[DATA TO PROCESS Boundary: Start]
theorem mainTheorem13:
  fixes \<alpha> :: real and \<tau> :: "real poly" and \<pi> :: "nat \<Rightarrow> real poly"
    and lam :: "nat \<Rightarrow> real" and m :: nat and t :: real
  assumes alpha: "\<exists>k::nat. \<alpha> = real k + 1/2"
    and tau_nz: "\<forall>z\<in>{-1..1}. poly \<tau> z \<noteq> 0"
    and family: "xg_eigenfamily \<alpha> \<tau> \<pi> lam"
    and lam_inj: "inj lam"
    and rho_rat: "\<forall>i j. \<exists>p q. \<forall>z\<in>{-1..1}. poly q z \<noteq> 0 \<and>
                     xg_rho \<alpha> \<tau> \<pi> i j z = poly p z / poly q z"
    and tau_m_poly: "\<forall>m' t'. \<exists>P. \<forall>z\<in>{-1..1}. xg_tau_m \<alpha> \<tau> \<pi> m' t' z = poly P z"
    and pi_m_poly: "\<forall>m' i t'. \<exists>P. \<forall>z\<in>{-1..1}. xg_pi_m \<alpha> \<tau> \<pi> m' i t' z = poly P z"
    and orth: "\<forall>i j. i \<noteq> j \<longrightarrow>
                 integral {-1..1} (\<lambda>z. poly (\<pi> i) z * poly (\<pi> j) z * xg_weight \<alpha> (poly \<tau>) z) = 0"
    and pos: "1 + t * xg_nu \<alpha> \<tau> \<pi> m > 0"
  shows "\<forall>i. inverse (xg_nu_m \<alpha> \<tau> \<pi> m t i)
              = inverse (xg_nu \<alpha> \<tau> \<pi> i) + (if i = m then t else 0)"
proof -
  obtain k :: nat where k: "\<alpha> = real k + 1/2"
    using alpha by blast
  have "\<pi> m \<noteq> 0"
    using family by (simp add: xg_eigenfamily_def xg_eigenpoly_def)
  then have nu_m_pos: "0 < xg_nu \<alpha> \<tau> \<pi> m"
    unfolding k by (rule xg_nu_pos[OF tau_nz])
  have nu_mi: "xg_nu_m \<alpha> \<tau> \<pi> m t i
      = xg_nu \<alpha> \<tau> \<pi> i - t * (xg_rho \<alpha> \<tau> \<pi> i m 1)\<^sup>2 / (1 + t * xg_nu \<alpha> \<tau> \<pi> m)" for i
    unfolding k using tau_nz one_plus_xg_rho_pos[OF tau_nz pos[unfolded k]]
    by (intro xg_nu_m_formula) (simp_all add: less_imp_neq[symmetric])
  show ?thesis
  proof
    fix i
    show "inverse (xg_nu_m \<alpha> \<tau> \<pi> m t i) = inverse (xg_nu \<alpha> \<tau> \<pi> i) + (if i = m then t else 0)"
    proof (cases "i = m")
      case True
      let ?\<nu> = "xg_nu \<alpha> \<tau> \<pi> m"
      have "xg_nu_m \<alpha> \<tau> \<pi> m t m = ?\<nu> / (1 + t * ?\<nu>)"
        using nu_mi[of m] pos xg_rho_diagonal[of \<alpha> \<tau> \<pi> m]
        by (simp add: field_simps power2_eq_square)
      then show ?thesis
        using True nu_m_pos by (simp add: add_divide_distrib inverse_eq_divide)
    next
      case False
      then show ?thesis
        using nu_mi[of i] orth by (simp add: xg_rho_def)
    qed
  qed
qed
lemma frac_eq_sum_indicator:
  "finite S \<Longrightarrow> frac \<sigma> S w = (\<Sum>x\<in>S. if \<sigma> x = w then 1 else 0) / real (card S)"
  unfolding frac_def by (simp add: sum.inter_filter[symmetric])

lemma frac_bounds: "finite S \<Longrightarrow> 0 \<le> frac \<sigma> S w \<and> frac \<sigma> S w \<le> 1"
  unfolding frac_def by (cases "card S = 0") (auto simp: divide_le_eq_1 card_mono)

lemma sum_indicator_eq_card_mult_frac:
  "finite S \<Longrightarrow> (\<Sum>x\<in>S. if \<sigma> x = w then 1 else 0) = real (card S) * frac \<sigma> S w"
  by (cases "S = {}") (auto simp: frac_eq_sum_indicator)

lemma sum_frac_eq_1:
  assumes "finite S" "S \<noteq> {}"
  shows "(\<Sum>w\<in>UNIV. frac \<sigma> S (w::'o::finite)) = 1"
proof -
  have "(\<Sum>w\<in>(UNIV::'o set). \<Sum>x\<in>S. if \<sigma> x = w then 1 else 0) = (\<Sum>x\<in>S. 1::real)"
    by (subst sum.swap) (simp add: sum.delta)
  then show ?thesis
    using assms by (simp add: frac_eq_sum_indicator sum_divide_distrib[symmetric])
qed

lemma tv_nonneg: "0 \<le> tv A p q"
  unfolding tv_def by (simp add: sum_nonneg)

lemma abs_le_twice_tv: "finite A \<Longrightarrow> a \<in> A \<Longrightarrow> \<bar>p a - q a\<bar> \<le> 2 * tv A p q"
  unfolding tv_def using member_le_sum[of a A "\<lambda>a. \<bar>p a - q a\<bar>"] by simp
(* Let $M(\mathbb{1},\lambda,e,V)$ be the generic characteristic matrix of a $\mathbb{Z}^d$-periodic graph specialized at $z=\mathbb{1}=(1,\dots,1)$. Then $\det M(\mathbb{1},\lambda,e,V)$ is cancellation-free.
   Context: A $\mathbb{Z}^d$-periodic graph $\Gamma$ is a simple undirected graph of bounded degree with a free $\mathbb{Z}^d$-action by automorphisms with finitely many vertex and edge orbits; $W$ is a set of vertex-orbit representatives, identified with $[n]$. The generic characteristic matrix is $M(z,\lambda,e,V)=\lambda I_n-H(z,e,V)$, where $H(z,e,V)$ has $(v,u)$ entry $\delta_{v,u}V(v)-\sum_{\alpha\in\mathbb{Z}^d: v\sim\alpha+u}e_{(v,\alpha+u)}z^\alpha$ with independent indeterminates $e$ (one per edge orbit) and $V(v)$ (one per $v\in W$). For an $n\times n$ polynomial matrix $M=(f_{i,j})$, $\det M=\sum_{w\in S_n}\mathrm{sgn}(w)M_w$ with $M_w=\prod_i f_{i,w(i)}$, and $\det M$ is cancellation-free if for every $w$ with $M_w\neq0$ the support (set of monomials, here in $\lambda,e,V$) of $M_w$ is contained in the support of $\det M$. *)

theory Defs
  imports Main "HOL-Library.Poly_Mapping" "HOL-Library.Function_Algebras"
    "HOL-Combinatorics.Permutations"
begin

text \<open>Vertices of a Z^d-periodic graph with vertex-orbit representatives W = [n] = {0..<n}:
  the vertex alpha + v (v in W, alpha in Z^d) is encoded as the pair (v, alpha).
  Z^d is rendered as functions 'd => int for a finite index type 'd.\<close>

type_synonym 'd vtx = "nat \<times> ('d \<Rightarrow> int)"

definition translate :: "('d \<Rightarrow> int) \<Rightarrow> 'd vtx \<Rightarrow> 'd vtx" where
  "translate c x = (fst x, snd x + c)"

definition periodic_graph :: "nat \<Rightarrow> ('d::finite vtx \<Rightarrow> 'd vtx \<Rightarrow> bool) \<Rightarrow> bool" where
  "periodic_graph n adj \<longleftrightarrow>
     (\<forall>x y. adj x y \<longrightarrow> fst x < n \<and> fst y < n) \<and>
     (\<forall>x y. adj x y \<longrightarrow> adj y x) \<and>
     (\<forall>x. \<not> adj x x) \<and>
     (\<forall>x y c. adj (translate c x) (translate c y) \<longleftrightarrow> adj x y) \<and>
     (\<exists>D::nat. \<forall>x. finite {y. adj x y} \<and> card {y. adj x y} \<le> D)"

definition edge_orbit :: "'d vtx \<Rightarrow> 'd vtx \<Rightarrow> 'd vtx set set" where
  "edge_orbit x y = {{translate c x, translate c y} | c. True}"

text \<open>Indeterminates: lambda, one e per edge orbit, one V(v) per v in W.\<close>
datatype 'd var = Lam | Evar "'d vtx set set" | Vvar nat

type_synonym 'd mpoly = "('d var \<Rightarrow>\<^sub>0 nat) \<Rightarrow>\<^sub>0 int"

definition PVar :: "'d var \<Rightarrow> 'd mpoly" where
  "PVar x = Poly_Mapping.single (Poly_Mapping.single x 1) 1"

text \<open>Entry (v,u) of M(1,lambda,e,V) = lambda I - H(1,e,V), where
  H(z,e,V)_{v,u} = delta_{v,u} V(v) - sum over alpha with v ~ alpha+u of e_(v,alpha+u) z^alpha.\<close>
definition charmat_one :: "('d::finite vtx \<Rightarrow> 'd vtx \<Rightarrow> bool) \<Rightarrow> nat \<Rightarrow> nat \<Rightarrow> 'd mpoly" where
  "charmat_one adj v u =
     (if v = u then PVar Lam - PVar (Vvar v) else 0)
     + (\<Sum>\<alpha>\<in>{\<alpha>. adj (v, 0) (u, \<alpha>)}. PVar (Evar (edge_orbit (v, 0) (u, \<alpha>))))"

definition perm_term :: "nat \<Rightarrow> (nat \<Rightarrow> nat \<Rightarrow> 'a::comm_ring_1) \<Rightarrow> (nat \<Rightarrow> nat) \<Rightarrow> 'a" where
  "perm_term n f w = (\<Prod>i<n. f i (w i))"

definition det_poly :: "nat \<Rightarrow> (nat \<Rightarrow> nat \<Rightarrow> 'a::comm_ring_1) \<Rightarrow> 'a" where
  "det_poly n f = (\<Sum>w\<in>{p. p permutes {0..<n}}. of_int (sign w) * perm_term n f w)"

definition cancellation_free :: "nat \<Rightarrow> (nat \<Rightarrow> nat \<Rightarrow> 'd mpoly) \<Rightarrow> bool" where
  "cancellation_free n f \<longleftrightarrow>
     (\<forall>w\<in>{p. p permutes {0..<n}}. perm_term n f w \<noteq> 0 \<longrightarrow>
        Poly_Mapping.keys (perm_term n f w) \<subseteq> Poly_Mapping.keys (det_poly n f))"

end
(* Let $X$ be a compact Hausdorff space and $\varphi:X\to X$ a continuous surjection. Then the canonical homeomorphism extension $(\tilde X,\tilde\varphi)$ of $(X,\varphi)$ is minimal.
   Context: A system $(Y,\psi)$ ($Y$ compact Hausdorff, $\psi$ a continuous surjection) is an extension of $(X,\varphi)$ if there is a continuous surjection $p:Y\to X$ (the extension map) with $p\circ\psi=\varphi\circ p$; if $p$ is a homeomorphism it is a conjugacy, and the systems are conjugate. A homeomorphism extension is an extension in which $\psi$ is a homeomorphism. The canonical homeomorphism extension: $\tilde X=\{(x_1,x_2,\dots)\in\prod_{n\ge1}X : x_n=\varphi(x_{n+1})\ \forall n\}$ with product topology, $\tilde\varphi(x_1,x_2,\dots)=(\varphi(x_1),x_1,x_2,\dots)$, extension map $p(x_1,x_2,\dots)=x_1$. A homeomorphism extension $(Y,\psi)$ of $(X,\varphi)$ is minimal if whenever $(Z,\sigma)$ is a homeomorphism extension of $(X,\varphi)$ and $(Y,\psi)$ is an extension of $(Z,\sigma)$ such that the composition of the extension map of $Z$ over $X$ with the extension map of $Y$ over $Z$ equals the extension map of $Y$ over $X$, then $(Y,\psi)$ and $(Z,\sigma)$ are conjugate. *)

theory Defs
  imports "HOL-Analysis.Analysis"
begin

definition dyn_system :: "'a topology \<Rightarrow> ('a \<Rightarrow> 'a) \<Rightarrow> bool" where
  "dyn_system X f \<longleftrightarrow> compact_space X \<and> Hausdorff_space X \<and>
     continuous_map X X f \<and> f ` topspace X = topspace X"

definition is_extension :: "'b topology \<Rightarrow> ('b \<Rightarrow> 'b) \<Rightarrow> 'a topology \<Rightarrow> ('a \<Rightarrow> 'a) \<Rightarrow> ('b \<Rightarrow> 'a) \<Rightarrow> bool" where
  "is_extension Y g X f p \<longleftrightarrow> dyn_system Y g \<and> dyn_system X f \<and>
     continuous_map Y X p \<and> p ` topspace Y = topspace X \<and>
     (\<forall>y\<in>topspace Y. p (g y) = f (p y))"

definition homeo_extension :: "'b topology \<Rightarrow> ('b \<Rightarrow> 'b) \<Rightarrow> 'a topology \<Rightarrow> ('a \<Rightarrow> 'a) \<Rightarrow> ('b \<Rightarrow> 'a) \<Rightarrow> bool" where
  "homeo_extension Y g X f p \<longleftrightarrow> is_extension Y g X f p \<and> homeomorphic_map Y Y g"

definition conjugate :: "'b topology \<Rightarrow> ('b \<Rightarrow> 'b) \<Rightarrow> 'a topology \<Rightarrow> ('a \<Rightarrow> 'a) \<Rightarrow> bool" where
  "conjugate Y g X f \<longleftrightarrow> (\<exists>p. is_extension Y g X f p \<and> homeomorphic_map Y X p)"

text \<open>Minimal homeomorphism extension, tested against all homeomorphism
  extensions (Z,s) whose carrier type is 'z (the type is an explicit parameter;
  a theorem with 'z free holds for all carrier types).\<close>
definition minimal_homeo_extension ::
  "'z itself \<Rightarrow> 'b topology \<Rightarrow> ('b \<Rightarrow> 'b) \<Rightarrow> 'a topology \<Rightarrow> ('a \<Rightarrow> 'a) \<Rightarrow> ('b \<Rightarrow> 'a) \<Rightarrow> bool" where
  "minimal_homeo_extension (_::'z itself) Y g X f p \<longleftrightarrow> homeo_extension Y g X f p \<and>
     (\<forall>(Z::'z topology) s q r.
        homeo_extension Z s X f q \<and> is_extension Y g Z s r \<and>
        (\<forall>y\<in>topspace Y. q (r y) = p y) \<longrightarrow> conjugate Y g Z s)"

text \<open>Canonical homeomorphism extension (sequences indexed from 0 instead of 1).\<close>
definition canon_space :: "'a topology \<Rightarrow> ('a \<Rightarrow> 'a) \<Rightarrow> (nat \<Rightarrow> 'a) topology" where
  "canon_space X f = subtopology (product_topology (\<lambda>_. X) UNIV)
     {x. (\<forall>n. x n \<in> topspace X) \<and> (\<forall>n. x n = f (x (Suc n)))}"

definition canon_map :: "('a \<Rightarrow> 'a) \<Rightarrow> (nat \<Rightarrow> 'a) \<Rightarrow> (nat \<Rightarrow> 'a)" where
  "canon_map f x = (\<lambda>n. case n of 0 \<Rightarrow> f (x 0) | Suc m \<Rightarrow> x m)"

definition canon_proj :: "(nat \<Rightarrow> 'a) \<Rightarrow> 'a" where
  "canon_proj x = x 0"

end

theory Submission
  imports Defs
begin

text \<open>The inverse limit is a closed, hence compact, subspace of the Hausdorff product, and
  \<open>canon_map f\<close> is a continuous bijection on it, hence a homeomorphism. For minimality, let the
  inverse limit factor through a homeomorphism extension \<open>(Z, s)\<close> via \<open>r\<close> with \<open>q \<circ> r = canon_proj\<close>.
  Since \<open>canon_map f\<close> sends the \<open>(n+1)\<close>-st tail of a point to its \<open>n\<close>-th tail, \<open>s\<close> is injective
  and \<open>r\<close> intertwines \<open>canon_map f\<close> with \<open>s\<close>, equality \<open>r x = r y\<close> propagates to all tails;
  applying \<open>q\<close> recovers every coordinate, so \<open>r\<close> is injective and thus a homeomorphism.\<close>

lemma continuous_map_product_coordinate:
  "continuous_map (product_topology (\<lambda>_. X) UNIV) X (\<lambda>x. x k)"
  using continuous_map_product_projection[of k UNIV "\<lambda>_. X"] by simp

text \<open>Oriented as \<open>f (x (Suc n)) = x n\<close>: the orientation of \<open>canon_space_def\<close> makes the
  simplifier loop.\<close>

lemma topspace_canon_space:
  "topspace (canon_space X f) = {x. (\<forall>n. x n \<in> topspace X) \<and> (\<forall>n. f (x (Suc n)) = x n)}"
  unfolding canon_space_def by (auto simp: PiE_UNIV_domain Pi_iff eq_commute[of _ "f _"])

lemma canon_space_eq_subtopology:
  "canon_space X f = subtopology (product_topology (\<lambda>_. X) UNIV) (topspace (canon_space X f))"
  unfolding canon_space_def topspace_subtopology subtopology_restrict ..

lemma closedin_topspace_canon_space:
  assumes "Hausdorff_space X" and "continuous_map X X f"
  shows "closedin (product_topology (\<lambda>_. X) UNIV) (topspace (canon_space X f))"
proof -
  let ?P = "product_topology (\<lambda>_. X) (UNIV :: nat set)"
  have "closedin ?P {x \<in> topspace ?P. f (x (Suc n)) = x n}" for n
    by (intro closedin_continuous_maps_eq[OF assms(1)] continuous_map_product_coordinate
        continuous_map_compose[of _ X "\<lambda>x. x (Suc n)", unfolded o_def, OF _ assms(2)])
  then have "closedin ?P (\<Inter>n. {x \<in> topspace ?P. f (x (Suc n)) = x n})"
    by (intro closedin_Inter) auto
  moreover have "topspace (canon_space X f) = (\<Inter>n. {x \<in> topspace ?P. f (x (Suc n)) = x n})"
    by (auto simp: topspace_canon_space PiE_def Pi_def)
  ultimately show ?thesis
    by simp
qed

lemma compact_space_canon_space:
  assumes "compact_space X" and "Hausdorff_space X" and "continuous_map X X f"
  shows "compact_space (canon_space X f)"
proof -
  have "compactin (product_topology (\<lambda>_. X) UNIV) (topspace (canon_space X f))"
    using assms by (intro closedin_compact_space closedin_topspace_canon_space)
      (simp_all add: compact_space_product_topology)
  then show ?thesis
    by (metis canon_space_eq_subtopology compact_space_subtopology)
qed

lemma Hausdorff_space_canon_space:
  assumes "Hausdorff_space X"
  shows "Hausdorff_space (canon_space X f)"
  unfolding canon_space_def
  by (intro Hausdorff_space_subtopology) (simp add: Hausdorff_space_product_topology assms)

definition seq_shift :: "nat \<Rightarrow> (nat \<Rightarrow> 'a) \<Rightarrow> nat \<Rightarrow> 'a" where
  "seq_shift n x = (\<lambda>k. x (k + n))"

lemma seq_shift_0 [simp]: "seq_shift 0 x = x"
  by (simp add: seq_shift_def)

lemma canon_proj_seq_shift [simp]: "canon_proj (seq_shift n x) = x n"
  by (simp add: seq_shift_def canon_proj_def)

lemma seq_shift_in_canon_space:
  "x \<in> topspace (canon_space X f) \<Longrightarrow> seq_shift n x \<in> topspace (canon_space X f)"
  by (simp add: topspace_canon_space seq_shift_def)

lemma canon_map_seq_shift_Suc:
  "x \<in> topspace (canon_space X f) \<Longrightarrow> canon_map f (seq_shift (Suc n) x) = seq_shift n x"
  by (auto simp: topspace_canon_space seq_shift_def canon_map_def fun_eq_iff split: nat.split)

lemma canon_proj_canon_map: "canon_proj (canon_map f x) = f (canon_proj x)"
  by (simp add: canon_proj_def canon_map_def)

lemma continuous_map_canon_proj: "continuous_map (canon_space X f) X canon_proj"
  unfolding canon_space_def canon_proj_def
  by (intro continuous_map_from_subtopology continuous_map_product_coordinate)

lemma continuous_map_canon_map:
  assumes "continuous_map X X f"
  shows "continuous_map (canon_space X f) (canon_space X f) (canon_map f)"
proof -
  let ?P = "product_topology (\<lambda>_. X) (UNIV :: nat set)"
  have "continuous_map (canon_space X f) X (\<lambda>x. canon_map f x k)" for k
  proof (cases k)
    case 0
    then show ?thesis
      using continuous_map_compose[OF continuous_map_canon_proj assms]
      by (simp add: canon_map_def canon_proj_def o_def)
  next
    case (Suc m)
    then show ?thesis
      unfolding canon_space_def canon_map_def
      by (simp add: continuous_map_from_subtopology continuous_map_product_coordinate)
  qed
  then have "continuous_map (canon_space X f) ?P (canon_map f)"
    by (simp add: continuous_map_componentwise_UNIV)
  moreover have "canon_map f \<in> topspace (canon_space X f) \<rightarrow> topspace (canon_space X f)"
    using continuous_map_image_subset_topspace[OF assms]
    by (auto simp: topspace_canon_space canon_map_def image_subset_iff split: nat.split)
  ultimately show ?thesis
    by (metis canon_space_eq_subtopology continuous_map_into_subtopology)
qed

lemma canon_map_image:
  assumes "continuous_map X X f"
  shows "canon_map f ` topspace (canon_space X f) = topspace (canon_space X f)"
proof
  show "canon_map f ` topspace (canon_space X f) \<subseteq> topspace (canon_space X f)"
    using continuous_map_image_subset_topspace[OF continuous_map_canon_map[OF assms]] .
  show "topspace (canon_space X f) \<subseteq> canon_map f ` topspace (canon_space X f)"
  proof
    fix x
    assume x: "x \<in> topspace (canon_space X f)"
    then have "x = canon_map f (seq_shift 1 x)"
      using canon_map_seq_shift_Suc[OF x, of 0] by simp
    then show "x \<in> canon_map f ` topspace (canon_space X f)"
      using seq_shift_in_canon_space[OF x] by blast
  qed
qed

lemma inj_canon_map: "inj (canon_map f)"
proof (rule injI)
  fix x y
  assume eq: "canon_map f x = canon_map f y"
  have "x n = y n" for n
    using fun_cong[OF eq, of "Suc n"] by (simp add: canon_map_def)
  then show "x = y"
    by (simp add: fun_eq_iff)
qed

lemma dyn_system_canon_space:
  assumes "dyn_system X f"
  shows "dyn_system (canon_space X f) (canon_map f)"
  using assms unfolding dyn_system_def
  by (metis compact_space_canon_space Hausdorff_space_canon_space
      continuous_map_canon_map canon_map_image)

lemma homeomorphic_map_canon_map:
  assumes "dyn_system X f"
  shows "homeomorphic_map (canon_space X f) (canon_space X f) (canon_map f)"
  using dyn_system_canon_space[OF assms]
  by (auto simp: dyn_system_def intro: continuous_imp_homeomorphic_map inj_on_subset[OF inj_canon_map])

lemma exists_backward_orbit:
  assumes "f ` topspace X = topspace X" and "a \<in> topspace X"
  shows "\<exists>x \<in> topspace (canon_space X f). x 0 = a"
proof -
  have preimage: "\<exists>y. y \<in> topspace X \<and> f y = b" if "b \<in> topspace X" for b
    using that assms(1) by (metis imageE)
  have "\<exists>x. \<forall>n. (x n \<in> topspace X \<and> (n = 0 \<longrightarrow> x n = a)) \<and> f (x (Suc n)) = x n"
    by (rule dependent_nat_choice) (use assms(2) preimage in auto)
  then show ?thesis
    by (auto simp: topspace_canon_space)
qed

lemma canon_proj_image:
  assumes "f ` topspace X = topspace X"
  shows "canon_proj ` topspace (canon_space X f) = topspace X"
proof
  show "canon_proj ` topspace (canon_space X f) \<subseteq> topspace X"
    by (auto simp: topspace_canon_space canon_proj_def)
  show "topspace X \<subseteq> canon_proj ` topspace (canon_space X f)"
    using exists_backward_orbit[OF assms] by (force simp: canon_proj_def)
qed

lemma homeo_extension_canon_space:
  assumes "dyn_system X f"
  shows "homeo_extension (canon_space X f) (canon_map f) X f canon_proj"
proof -
  have "f ` topspace X = topspace X"
    using assms by (simp add: dyn_system_def)
  then show ?thesis
    using assms dyn_system_canon_space[OF assms] homeomorphic_map_canon_map[OF assms]
    by (simp add: homeo_extension_def is_extension_def continuous_map_canon_proj
        canon_proj_image canon_proj_canon_map)
qed

lemma inj_on_factor_of_canon_space:
  assumes s: "inj_on s Z"
    and r: "r ` topspace (canon_space X f) \<subseteq> Z"
    and r_comm: "\<And>y. y \<in> topspace (canon_space X f) \<Longrightarrow> r (canon_map f y) = s (r y)"
    and qr: "\<And>y. y \<in> topspace (canon_space X f) \<Longrightarrow> q (r y) = canon_proj y"
  shows "inj_on r (topspace (canon_space X f))"
proof (rule inj_onI)
  have shift_step: "s (r (seq_shift (Suc n) z)) = r (seq_shift n z)"
    if "z \<in> topspace (canon_space X f)" for z n
    using r_comm[OF seq_shift_in_canon_space[OF that, of "Suc n"]] canon_map_seq_shift_Suc[OF that, of n]
    by simp
  fix x y
  assume x: "x \<in> topspace (canon_space X f)" and y: "y \<in> topspace (canon_space X f)"
    and "r x = r y"
  have tails: "r (seq_shift n x) = r (seq_shift n y)" for n
  proof (induction n)
    case 0
    show ?case using \<open>r x = r y\<close> by simp
  next
    case (Suc n)
    then have "s (r (seq_shift (Suc n) x)) = s (r (seq_shift (Suc n) y))"
      by (simp add: shift_step x y)
    moreover have "r (seq_shift (Suc n) x) \<in> Z" and "r (seq_shift (Suc n) y) \<in> Z"
      using r seq_shift_in_canon_space x y by blast+
    ultimately show ?case
      using s by (simp add: inj_on_eq_iff)
  qed
  have "x n = y n" for n
  proof -
    have "x n = q (r (seq_shift n x))"
      by (simp add: qr seq_shift_in_canon_space x)
    also have "\<dots> = q (r (seq_shift n y))"
      by (simp add: tails)
    also have "\<dots> = y n"
      by (simp add: qr seq_shift_in_canon_space y)
    finally show ?thesis .
  qed
  then show "x = y"
    by (simp add: fun_eq_iff)
qed

theorem lemma1:
  fixes X :: "'a topology" and f :: "'a \<Rightarrow> 'a"
  assumes "compact_space X" and "Hausdorff_space X"
    and "continuous_map X X f" and "f ` topspace X = topspace X"
  shows "minimal_homeo_extension TYPE('z) (canon_space X f) (canon_map f) X f canon_proj"
  unfolding minimal_homeo_extension_def
proof (intro conjI allI impI)
  have X: "dyn_system X f"
    using assms by (simp add: dyn_system_def)
  then show "homeo_extension (canon_space X f) (canon_map f) X f canon_proj"
    by (rule homeo_extension_canon_space)
  fix Z :: "'z topology" and s q r
  assume "homeo_extension Z s X f q \<and> is_extension (canon_space X f) (canon_map f) Z s r \<and>
    (\<forall>y\<in>topspace (canon_space X f). q (r y) = canon_proj y)"
  then have s: "homeomorphic_map Z Z s" and r: "is_extension (canon_space X f) (canon_map f) Z s r"
    and "\<forall>y\<in>topspace (canon_space X f). q (r y) = canon_proj y"
    unfolding homeo_extension_def by blast+
  then have "inj_on r (topspace (canon_space X f))"
    by (intro inj_on_factor_of_canon_space[OF homeomorphic_imp_injective_map[OF s]])
      (auto simp: is_extension_def)
  with r have "homeomorphic_map (canon_space X f) Z r"
    using dyn_system_canon_space[OF X]
    by (intro continuous_imp_homeomorphic_map) (simp_all add: is_extension_def dyn_system_def)
  with r show "conjugate (canon_space X f) (canon_map f) Z s"
    unfolding conjugate_def by blast
qed

end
[DATA TO PROCESS Boundary: End]
TASK ITEM. All lines from the start of the entries through the line where "using nu_mi[of m]" sits should be duplicated exactly, with nothing else in the output.

WRITTEN SOLUTION.
theorem mainTheorem13:
  fixes \<alpha> :: real and \<tau> :: "real poly" and \<pi> :: "nat \<Rightarrow> real poly"
    and lam :: "nat \<Rightarrow> real" and m :: nat and t :: real
  assumes alpha: "\<exists>k::nat. \<alpha> = real k + 1/2"
    and tau_nz: "\<forall>z\<in>{-1..1}. poly \<tau> z \<noteq> 0"
    and family: "xg_eigenfamily \<alpha> \<tau> \<pi> lam"
    and lam_inj: "inj lam"
    and rho_rat: "\<forall>i j. \<exists>p q. \<forall>z\<in>{-1..1}. poly q z \<noteq> 0 \<and>
                     xg_rho \<alpha> \<tau> \<pi> i j z = poly p z / poly q z"
    and tau_m_poly: "\<forall>m' t'. \<exists>P. \<forall>z\<in>{-1..1}. xg_tau_m \<alpha> \<tau> \<pi> m' t' z = poly P z"
    and pi_m_poly: "\<forall>m' i t'. \<exists>P. \<forall>z\<in>{-1..1}. xg_pi_m \<alpha> \<tau> \<pi> m' i t' z = poly P z"
    and orth: "\<forall>i j. i \<noteq> j \<longrightarrow>
                 integral {-1..1} (\<lambda>z. poly (\<pi> i) z * poly (\<pi> j) z * xg_weight \<alpha> (poly \<tau>) z) = 0"
    and pos: "1 + t * xg_nu \<alpha> \<tau> \<pi> m > 0"
  shows "\<forall>i. inverse (xg_nu_m \<alpha> \<tau> \<pi> m t i)
              = inverse (xg_nu \<alpha> \<tau> \<pi> i) + (if i = m then t else 0)"
proof -
  obtain k :: nat where k: "\<alpha> = real k + 1/2"
    using alpha by blast
  have "\<pi> m \<noteq> 0"
    using family by (simp add: xg_eigenfamily_def xg_eigenpoly_def)
  then have nu_m_pos: "0 < xg_nu \<alpha> \<tau> \<pi> m"
    unfolding k by (rule xg_nu_pos[OF tau_nz])
  have nu_mi: "xg_nu_m \<alpha> \<tau> \<pi> m t i
      = xg_nu \<alpha> \<tau> \<pi> i - t * (xg_rho \<alpha> \<tau> \<pi> i m 1)\<^sup>2 / (1 + t * xg_nu \<alpha> \<tau> \<pi> m)" for i
    unfolding k using tau_nz one_plus_xg_rho_pos[OF tau_nz pos[unfolded k]]
    by (intro xg_nu_m_formula) (simp_all add: less_imp_neq[symmetric])
  show ?thesis
  proof
    fix i
    show "inverse (xg_nu_m \<alpha> \<tau> \<pi> m t i) = inverse (xg_nu \<alpha> \<tau> \<pi> i) + (if i = m then t else 0)"
    proof (cases "i = m")
      case True
      let ?\<nu> = "xg_nu \<alpha> \<tau> \<pi> m"
      have "xg_nu_m \<alpha> \<tau> \<pi> m t m = ?\<nu> / (1 + t * ?\<nu>)"
        using nu_mi[of m] pos xg_rho_diagonal[of \<alpha> \<tau> \<pi> m]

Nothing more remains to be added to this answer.